Lots of questions - thanks in advance for your answers.


Lena

Lena,

Kelfer, Ferriprox, L1 are all the same drug - the generic name is Deferiprone.

Kelfer + Desferal is the chelation drug mix of choice in India - this is primarily because Kelfer is extremely effective in taking out iron from hearts (usually the main cause of mortality in thals) and Desferal is better at taking out iron from the liver. This combo therapy or just Kelfer are/is very much the dominant chelation therapy in India.

Our experience with Exjade or Asunra/Desirox has been more mixed in terms of price vs performance - not many haematologists want to go with Exjade as their first line of chelation treatment, especially in thals with already high Ferritin levels/compromised livers.

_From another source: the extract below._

(* In the construction described in the context, for every $n \geq 0$ one has $\alpha_{n+1} \circ \Gamma_{n+1,n} = \Gamma_{n+1,n} \circ \alpha_n$ as maps $C_n \to C_{n+1}$. Consequently the $\alpha_n$ induce an automorphism $\alpha$ of $C = \varinjlim C_n$ with $\alpha \circ \Gamma_{\infty,n} = \Gamma_{\infty,n}\circ \alpha_n$ for all $n$.
   Context: Construction. Let $(d(n))_{n\ge 0}$ be natural numbers with $d(0)=1$ and $d(n) > 2^{n-1}$ for $n \ge 1$. Put $l(0)=1$, $l(n) = d(n) + 2^{n-1}$ for $n\ge1$, $r(n) = \prod_{j=0}^n l(j)$, $s(n) = \prod_{j=0}^n d(j)$, and $\kappa = \inf_{n\in\mathbb{N}} s(n)/r(n)$; assume $\kappa > 1/2$ (e.g. $d(n)=10^n$). Let $X_n = (S^2)^{s(n)}$, identified with $X_{n+1} = X_n^{d(n+1)}$, and let $P^{(n)}_j\colon X_{n+1}\to X_n$ ($1\le j\le d(n+1)$) be the $j$-th coordinate projection. Choose points $x_m \in X_m$ ($m\ge 0$) such that for every $n\ge 0$ the set of points $(P^{(n)}_{\nu_1}\circ P^{(n+1)}_{\nu_2}\circ\cdots\circ P^{(m-1)}_{\nu_{m-n}})(x_m)$, over all $m>n$ and all $\nu_j \in \{1,\dots,d(n+j)\}$, is dense in $X_n$. Let $\mathbb{Z}_{2^n} = \mathbb{Z}/2^n\mathbb{Z}$, $\pi_{n,n+1}\colon \mathbb{Z}_{2^{n+1}}\to\mathbb{Z}_{2^n}$ the reduction mod $2^n$. Set $C_n = M_{r(n)} \otimes C(X_n \times \mathbb{Z}_{2^n}) \cong C(X_n\times\mathbb{Z}_{2^n}, M_{r(n)})$, identifying $M_{r(n)} = M_{l(1)}\otimes\cdots\otimes M_{l(n)}$. Define $S_{n,1},\dots,S_{n,l(n+1)}\colon X_{n+1}\times\mathbb{Z}_{2^{n+1}} \to X_n\times \mathbb{Z}_{2^n}$ by $S_{n,j}(x,k) = (P^{(n)}_j(x), \pi_{n,n+1}(k))$ for $1\le j\le d(n+1)$, and $S_{n,d(n+1)+1+j}(x,k) = (x_n, j)$ for $j = 0,1,\dots,2^n-1$. Let $\gamma_n\colon C(X_n\times\mathbb{Z}_{2^n}) \to M_{l(n+1)}(C(X_{n+1}\times\mathbb{Z}_{2^{n+1}}))$, $\gamma_n(f) = \operatorname{diag}(f\circ S_{n,1},\dots,f\circ S_{n,l(n+1)})$, and $\Gamma_{n+1,n} = \mathrm{id}_{M_{r(n)}}\otimes\gamma_n\colon C_n\to C_{n+1}$; $\Gamma_{n,m}$ denote the composites and $C = \varinjlim C_n$ with canonical maps $\Gamma_{\infty,m}\colon C_m\to C$. For $n\ge1$ let $v_n\in M_{l(n)}$ be the unitary $v_n = \sum_{j=1}^{d(n)} e_{j,j} + \sum_{j=1}^{2^{n-1}-1} e_{d(n)+j,\,d(n)+j+1} + e_{d(n)+2^{n-1},\,d(n)+1}$ (identity on the first $d(n)$ coordinates, cyclic permutation of the last $2^{n-1}$), let $u_n = v_1\otimes\cdots\otimes v_n \in M_{r(n)}$ ($u_0=1$), and define automorphisms $\alpha_n$ of $C_n$ by $\alpha_n(f)(x,k) = u_n f(x, k+1) u_n^*$. *)

theory Defs
  imports "HOL-Analysis.Analysis"
begin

Cost of Kelfer = Rs350($7) per 50 capsules of 500 mg each. Standard dosage = 60-75mg/kg of body weight per day - so, you can calculate the dosage cost per day/per month. It is available via doctor's prescription only and has to be ordered directly from key distributors (ie not available at pharmacies) - but, generally a friendly Thal in India can buy the drug for you and mail it out to you. The strict monitoring of usage ceased a long time ago, as the drug has now been in use for over 20 years.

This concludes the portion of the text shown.